» **What needs to be done**
In the listing beneath this line, copy exactly the lines starting with the one containing "obtain k where" and going on through the one containing "choose 3) = (2".

^^^^^^^^^^^^^^^^

lemma nonedge_pairs_eq:
  assumes T: "induces_tetrahedron V E T" and v: "v \<in> V - T"
    and "u1 \<in> T" "u2 \<in> T" "u1 \<noteq> u2" "w1 \<in> T" "w2 \<in> T" "w1 \<noteq> w2"
    and "{u1, u2, v} \<notin> E" "{w1, w2, v} \<notin> E"
  shows "{u1, u2} = {w1, w2}"
proof -
  have "card T = 4" using T by (simp add: induces_tetrahedron_def)
  then have "\<And>p q. p \<subseteq> T \<Longrightarrow> card p = 2 \<Longrightarrow> insert v p \<notin> E \<Longrightarrow>
      q \<subseteq> T \<Longrightarrow> card q = 2 \<Longrightarrow> insert v q \<notin> E \<Longrightarrow> p = q"
    using unique_nonedge_pair_if_deg_in_5[OF _ deg_5[OF T v]] by blast
  from this[of "{u1, u2}" "{w1, w2}"] show ?thesis using assms(3-) by (simp add: insert_commute)
qed

lemma edge_if_other_pair_nonedge:
  assumes T: "induces_tetrahedron V E T" and v: "v \<in> V - T"
    and "{u1, u2, w1, w2} \<subseteq> T" "u1 \<noteq> u2" "w1 \<noteq> w2" "{u1, u2} \<noteq> {w1, w2}"
    and "{v, u1, u2} \<notin> E"
  shows "{v, w1, w2} \<in> E"
proof (rule ccontr)
  assume "{v, w1, w2} \<notin> E"
  moreover have "{v, u1, u2} = {u1, u2, v}" "{v, w1, w2} = {w1, w2, v}" by auto
  ultimately show False using nonedge_pairs_eq[OF T v, of u1 u2 w1 w2] assms(3-) by auto
qed

lemma nonedge_pair_exists:
  assumes T: "induces_tetrahedron V E {t1, t2, t3, t4}" and v: "v \<in> V - {t1, t2, t3, t4}"
  shows "{v, t1, t2} \<notin> E \<or> {v, t1, t3} \<notin> E \<or> {v, t1, t4} \<notin> E \<or>
         {v, t2, t3} \<notin> E \<or> {v, t2, t4} \<notin> E \<or> {v, t3, t4} \<notin> E"
proof -
  have "card {t1, t2, t3, t4} = 4" using T by (simp add: induces_tetrahedron_def)
  then obtain p where p: "p \<subseteq> {t1, t2, t3, t4}" "card p = 2" "insert v p \<notin> E"
    using unique_nonedge_pair_if_deg_in_5[OF _ deg_5[OF T v]] by blast
  then show ?thesis using two_subset_of_four_cases[OF p(1,2)] by auto
qed

text \<open>An apex of a triangle u w1 w2 is a vertex c such that {c, u, w1, w2} is a tetrahedron.\<close>

lemma apex_pair_unique_nonedge:
  assumes "{c, c', u, w1, w2} \<subseteq> V" "distinct [c, c', u, w1, w2]"
    and "{u, w1, w2} \<in> E"
    and "{c, u, w1} \<in> E" "{c, u, w2} \<in> E" "{c, w1, w2} \<in> E"
    and "{c', u, w1} \<in> E" "{c', u, w2} \<in> E" "{c', w1, w2} \<in> E"
  shows "\<exists>!w. w \<in> {u, w1, w2} \<and> {c, c', w} \<notin> E"
proof -
  have T: "induces_tetrahedron V E {c, u, w1, w2}"
    using assms by (intro induces_tetrahedronI) auto
  have c': "c' \<in> V - {c, u, w1, w2}" using assms(1,2) by auto
  have "{c, w, c'} \<notin> E \<Longrightarrow> {c, w', c'} \<notin> E \<Longrightarrow> w \<in> {u, w1, w2} \<Longrightarrow> w' \<in> {u, w1, w2} \<Longrightarrow> w = w'"
    for w w'
    using nonedge_pairs_eq[OF T c', of c w c w'] assms(2) by (auto simp: doubleton_eq_iff)
  moreover have "{c', c, u} \<notin> E \<or> {c', c, w1} \<notin> E \<or> {c', c, w2} \<notin> E"
    using nonedge_pair_exists[OF T c'] assms(7-9) by (auto simp: insert_commute)
  ultimately show ?thesis by (auto simp: insert_commute)
qed

lemma three_apexes_pair_edge:
  assumes K: "induces_tetrahedron V E K"
    and c: "c \<in> K" "c' \<in> K" "c'' \<in> K" "distinct [c, c', c'']"
    and w: "u \<in> V - K" "w1 \<in> V - K" "w2 \<in> V - K" "distinct [u, w1, w2]"
    and uw: "{u, w1, w2} \<in> E"
    and apex: "\<And>a. a \<in> {c, c', c''} \<Longrightarrow> {a, u, w1} \<in> E \<and> {a, u, w2} \<in> E \<and> {a, w1, w2} \<in> E"
  shows "{c, c', u} \<in> E"
proof (rule ccontr)
  assume cc'u: "{c, c', u} \<notin> E"
  have KV: "K \<subseteq> V" using K by (simp add: induces_tetrahedron_def)
  have unique: "\<exists>!w. w \<in> {u, w1, w2} \<and> {a, a', w} \<notin> E"
    if "a \<in> {c, c', c''}" "a' \<in> {c, c', c''}" "a \<noteq> a'" for a a'
    using that c w KV apex[of a] apex[of a'] uw by (intro apex_pair_unique_nonedge) auto
  have "{c, c', w1} \<in> E" "{c, c', w2} \<in> E"
    using unique[of c c'] cc'u w(4) c(4) by auto
  then have T: "induces_tetrahedron V E {c, c', w1, w2}"
    using c w KV apex by (intro induces_tetrahedronI) auto
  have c'': "c'' \<in> V - {c, c', w1, w2}" using c w KV by auto
  have "{c, c'', u} \<in> E" "{c', c'', u} \<in> E"
    using nonedge_pairs_eq[OF K w(1), of c c' c c''] nonedge_pairs_eq[OF K w(1), of c c' c' c'']
      cc'u c by (auto simp: doubleton_eq_iff)
  then have "({c, c'', w1} \<notin> E \<or> {c, c'', w2} \<notin> E) \<and> ({c', c'', w1} \<notin> E \<or> {c', c'', w2} \<notin> E)"
    using unique[of c c''] unique[of c' c''] c(4) by auto
  moreover have mixed: "{c, c'', w} \<in> E \<or> {c', c'', w'} \<in> E" if "w \<in> {w1, w2}" "w' \<in> {w1, w2}" for w w'
  proof (rule ccontr)
    assume "\<not> ?thesis"
    then have "{c, w, c''} \<notin> E" "{c', w', c''} \<notin> E" by (simp_all add: insert_commute)
    then have "{c, w} = {c', w'}"
      using nonedge_pairs_eq[OF T c'', of c w c' w'] that c w by auto
    then show False using that c w by (auto simp: doubleton_eq_iff)
  qed
  ultimately show False using mixed[of w1 w1] mixed[of w1 w2] mixed[of w2 w1] mixed[of w2 w2] by auto
qed

text \<open>Each pair of apexes in K misses exactly one vertex of the triangle, never u, and two
  pairs never miss the same vertex because K is a tetrahedron; three pairs do not fit into w1, w2.\<close>

lemma card_apexes_le_2:
  assumes K: "induces_tetrahedron V E K"
    and w: "u \<in> V - K" "w1 \<in> V - K" "w2 \<in> V - K" "distinct [u, w1, w2]"
    and uw: "{u, w1, w2} \<in> E"
    and C: "C \<subseteq> K" "\<And>a. a \<in> C \<Longrightarrow> {a, u, w1} \<in> E \<and> {a, u, w2} \<in> E \<and> {a, w1, w2} \<in> E"
  shows "card C \<le> 2"
proof (rule ccontr)
  assume "\<not> card C \<le> 2"
  then obtain B where "B \<subseteq> C" "card B = 3"
    using obtain_subset_with_card_n[of 3 C] by force
  then obtain c1 c2 c3 where c: "{c1, c2, c3} \<subseteq> C" "distinct [c1, c2, c3]"
    by (auto simp: card_3_iff)
  have KV: "K \<subseteq> V" using K by (simp add: induces_tetrahedron_def)
  have nonedge: "\<exists>w\<in>{w1, w2}. {a, a', w} \<notin> E"
    if "a \<in> C" "a' \<in> C" "a'' \<in> C" "distinct [a, a', a'']" for a a' a''
  proof -
    have "{a, a', u} \<in> E"
      using that C by (intro three_apexes_pair_edge[OF K _ _ _ _ w uw, where c'' = a'']) auto
    moreover have "\<exists>!w. w \<in> {u, w1, w2} \<and> {a, a', w} \<notin> E"
      using that C w uw KV by (intro apex_pair_unique_nonedge) auto
    ultimately show ?thesis by (auto simp: insert_commute)
  qed
  obtain w12 w13 w23 where "w12 \<in> {w1, w2}" "w13 \<in> {w1, w2}" "w23 \<in> {w1, w2}"
    and "{c1, c2, w12} \<notin> E" "{c1, c3, w13} \<notin> E" "{c2, c3, w23} \<notin> E"
    using nonedge[of c1 c2 c3] nonedge[of c1 c3 c2] nonedge[of c2 c3 c1] c by auto
  moreover have "w12 = w13 \<or> w12 = w23 \<or> w13 = w23" using calculation(1-3) by auto
  moreover have "{c1, c2, c3} \<subseteq> K" "w12 \<in> V - K" "w13 \<in> V - K"
    using c C(1) calculation(1-3) w by auto
  ultimately show False
    using nonedge_pairs_eq[OF K, of w12 c1 c2 c1 c3] nonedge_pairs_eq[OF K, of w12 c1 c2 c2 c3]
      nonedge_pairs_eq[OF K, of w13 c1 c3 c2 c3] c
    by (auto simp: doubleton_eq_iff)
qed

end

section \<open>Many edges force a tetrahedron\<close>

lemma card_supersets_insert:
  assumes "finite V" "T \<subseteq> V"
  shows "card {Q. Q \<subseteq> V \<and> card Q = Suc (card T) \<and> T \<subseteq> Q} = card V - card T"
proof -
  have finT: "finite T" using assms finite_subset by blast
  have "bij_betw (\<lambda>v. insert v T) (V - T) {Q. Q \<subseteq> V \<and> card Q = Suc (card T) \<and> T \<subseteq> Q}"
  proof (rule bij_betwI')
    fix Q assume Q: "Q \<in> {Q. Q \<subseteq> V \<and> card Q = Suc (card T) \<and> T \<subseteq> Q}"
    then have "card (Q - T) = 1" using finT by (simp add: card_Diff_subset)
    then obtain v where "Q - T = {v}" by (meson card_1_singletonE)
    then show "\<exists>v\<in>V - T. Q = insert v T" using Q by blast
  qed (use assms finT in \<open>auto simp: insert_ident\<close>)
  then have "card {Q. Q \<subseteq> V \<and> card Q = Suc (card T) \<and> T \<subseteq> Q} = card (V - T)"
    by (simp add: bij_betw_same_card)
  then show ?thesis using finT assms by (simp add: card_Diff_subset)
qed

text \<open>Every 4-set misses a triple of E, and each missed triple lies in only n - 3 of the 4-sets.\<close>
lemma card_edges_le_if_no_tetrahedron:
  assumes H: "hypergraph3 V E" and "card V \<ge> 4"
    and no_tet: "\<And>K. \<not> induces_tetrahedron V E K"
  shows "4 * card E \<le> 3 * (card V choose 3)"
proof -
  define n where "n = card V"
  have fin: "finite V" using H unfolding hypergraph3_def by auto
  define N where "N = {T. T \<subseteq> V \<and> card T = 3} - E"
  have E_sub: "E \<subseteq> {T. T \<subseteq> V \<and> card T = 3}" using H unfolding hypergraph3_def by auto
  have fin3: "finite {T. T \<subseteq> V \<and> card T = 3}" using fin by simp
  have card_E: "card E \<le> n choose 3"
    using card_mono[OF fin3 E_sub] n_subsets[OF fin, of 3] unfolding n_def by simp
  have card_N: "card N = (n choose 3) - card E"
    using card_Diff_subset[OF finite_subset[OF E_sub fin3] E_sub] n_subsets[OF fin, of 3]
    unfolding N_def n_def by simp
  have finN: "finite N" unfolding N_def using fin by simp
  have "{Q. Q \<subseteq> V \<and> card Q = 4} \<subseteq> (\<Union>T\<in>N. {Q. Q \<subseteq> V \<and> card Q = 4 \<and> T \<subseteq> Q})"
  proof
    fix Q assume Q: "Q \<in> {Q. Q \<subseteq> V \<and> card Q = 4}"
    then obtain T where "T \<subseteq> Q" "card T = 3" "T \<notin> E"
      using no_tet[of Q] unfolding induces_tetrahedron_def by blast
    then show "Q \<in> (\<Union>T\<in>N. {Q. Q \<subseteq> V \<and> card Q = 4 \<and> T \<subseteq> Q})"
      using Q unfolding N_def by auto
  qed
  moreover have "finite (\<Union>T\<in>N. {Q. Q \<subseteq> V \<and> card Q = 4 \<and> T \<subseteq> Q})"
    using finN fin by auto
  ultimately have "card {Q. Q \<subseteq> V \<and> card Q = 4} \<le>
      card (\<Union>T\<in>N. {Q. Q \<subseteq> V \<and> card Q = 4 \<and> T \<subseteq> Q})"
    by (rule card_mono[rotated])
  then have "n choose 4 \<le> card (\<Union>T\<in>N. {Q. Q \<subseteq> V \<and> card Q = 4 \<and> T \<subseteq> Q})"
    using n_subsets[OF fin, of 4] unfolding n_def by simp
  also have "\<dots> \<le> (\<Sum>T\<in>N. card {Q. Q \<subseteq> V \<and> card Q = 4 \<and> T \<subseteq> Q})"
    using finN by (rule card_UN_le)
  also have "\<dots> = (\<Sum>T\<in>N. n - 3)"
  proof (rule sum.cong)
    fix T assume "T \<in> N"
    then show "card {Q. Q \<subseteq> V \<and> card Q = 4 \<and> T \<subseteq> Q} = n - 3"
      using card_supersets_insert[OF fin, of T] unfolding N_def n_def by simp
  qed simp
  also have "\<dots> = card N * (n - 3)" by simp
  finally have "4 * (n choose 4) \<le> 4 * ((n choose 3) - card E) * (n - 3)"
    using card_N by simp
  moreover have "4 * (n choose 4) = (n - 3) * (n choose 3)"
    using times_binomial_minus1_eq[of 4 n] binomial_absorb_comp[of n 3] by simp
  ultimately have "(n - 3) * (n choose 3) \<le> (n - 3) * (4 * ((n choose 3) - card E))"
    by (simp add: algebra_simps)
  then have "n choose 3 \<le> 4 * ((n choose 3) - card E)"
    using assms(2) unfolding n_def by simp
  then show ?thesis using card_E unfolding n_def by linarith
qed

lemma b_gt_three_quarters_choose_3:
  assumes "odd n" "n \<ge> 3"
  shows "3 * real (n choose 3) < 4 * b n"
proof -
  obtain k where n: "n = 2 * k + 1" using assms(1) oddE by blast
  have k: "k \<ge> 1" using n assms(2) by simp
  define P where "P = real k * (2 * real k - 1)"
  have P_pos: "P > 0" unfolding P_def using k by simp
  have "2 * k choose 2 = k * (2 * k - 1)"
    using choose_two[of "2 * k"] by simp
  then have "3 * (n choose 3) = (2 * k + 1) * (k * (2 * k - 1))"
    using times_binomial_minus1_eq[of 3 n] n by simp
  then have "3 * real (n choose 3) = real ((2 * k + 1) * (k * (2 * k - 1)))"
    by (metis of_nat_mult of_nat_numeral)
  also have "\<dots> = (2 * real k + 1) * P"
    unfolding P_def using k by (simp add: of_nat_diff algebra_simps)
  also have "\<dots> < (2 * real k + 2) * P"
    using P_pos by simp
  also have "\<dots> = 4 * b n"
  proof -
    have "n\<^sup>2 = 4 * (k * (k + 1)) + 1" using n by (simp add: power2_eq_square algebra_simps)
    then have "n\<^sup>2 div 4 = k * (k + 1)" by simp
    then show ?thesis unfolding b_def P_def using n by (simp add: algebra_simps)
  qed
  finally show ?thesis .
qed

^^^^^^^^^^^^^^^^

» **Answer area**
  obtain k where n: "n = 2 * k + 1" using assms(1) oddE by blast
  have k: "k \<ge> 1" using n assms(2) by simp
  define P where "P = real k * (2 * real k - 1)"
  have P_pos: "P > 0" unfolding P_def using k by simp
  have "2 * k choose 2 = k * (2 * k - 1)"
    using choose_two[of "2 * k"] by simp
  then have "3 * (n choose 3) = (2 * k + 1) * (k * (2 * k - 1))"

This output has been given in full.